(* Consider the baseline dynamic game described in the context, with standing assumptions (A1)–(A4). For any discount factor $\delta\in[0,1)$ and any $\theta'\in[\underline{\theta},\overline{\theta}]$, in the game where the buyer's type is distributed according to $F_{\theta'}$ (the distribution $F$ conditional on $\theta\in[\underline{\theta},\theta']$), there exists a Perfect Bayesian equilibrium in which the seller offers $(\overline{x},\overline{u}(\underline{\theta}))$ in period $t=0$, all buyer types accept it at $t=0$, and the seller's revenue equals $\overline{u}(\underline{\theta})$.
   Context: Fix $\underline{\theta}<\overline{\theta}$ and $0<\underline{x}<\overline{x}$. A buyer has a private type $\theta\in[\underline{\theta},\overline{\theta}]$ drawn from a CDF $F$ with density $f$. Let $v:[0,\overline{x}]\to\mathbb{R}$ be strictly concave and continuously differentiable with $v(0)=0$ (A1). For $x\in[\underline{x},\overline{x}]$, $u(x,\theta)=\max_{0\le x'\le x}[v(x')+\theta x']$; the seller has zero cost. $x^e(\theta)$ is the unique maximizer of $v(x')+\theta x'$ over $[0,\overline{x}]$. Standing assumptions: (A2) $0<m\le f\le M$ for constants $m,M$, and $\theta-\frac{1-F(\theta)}{f(\theta)}$ is strictly increasing; (A3) $0<x^e(\underline{\theta})\le\underline{x}$; (A4) $v(x^e(\theta))+\big(\theta-\frac{1-F(\theta)}{f(\theta)}\big)x^e(\theta)\ge0$ for all $\theta$. Define $\overline{u}(\underline{\theta})=v(x^e(\underline{\theta}))+\underline{\theta}x^e(\underline{\theta})$. Dynamic game: discrete time $t=0,1,\dots$, discount factor $\delta$. Each period the seller (possibly randomizing) posts one offer $(x_t,p_t)\in[\underline{x},\overline{x}]\times\mathbb{R}$; a buyer who has not yet purchased accepts or waits. Acceptance by type $\theta$ at $t$ gives the buyer $\delta^t(u(x_t,\theta)-p_t)$ and the seller $\delta^tp_t$, ending the game for that buyer; no purchase gives $0$. Histories record past offers and decisions; seller strategies map histories to distributions over offers; buyer strategies map (history, current offer, type) to accept/wait, measurable in type. Equilibrium means Perfect Bayesian equilibrium (sequential rationality given beliefs over remaining types; Bayes' rule wherever possible). *)

theory Defs
  imports "HOL-Probability.Probability"
begin

definition strictly_concave_on :: "real set \<Rightarrow> (real \<Rightarrow> real) \<Rightarrow> bool" where
  "strictly_concave_on S g \<longleftrightarrow>
     (\<forall>x\<in>S. \<forall>y\<in>S. x \<noteq> y \<longrightarrow>
        (\<forall>t::real. 0 < t \<and> t < 1 \<longrightarrow> (1 - t) * g x + t * g y < g ((1 - t) * x + t * y)))"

Exercise instructions
Write out, without alteration, the line that contains "S g \<longleftrightarrow>" and all subsequent lines down to the end of the data above.

Answer section
  "strictly_concave_on S g \<longleftrightarrow>
     (\<forall>x\<in>S. \<forall>y\<in>S. x \<noteq> y \<longrightarrow>
        (\<forall>t::real. 0 < t \<and> t < 1 \<longrightarrow> (1 - t) * g x + t * g y < g ((1 - t) * x + t * y)))"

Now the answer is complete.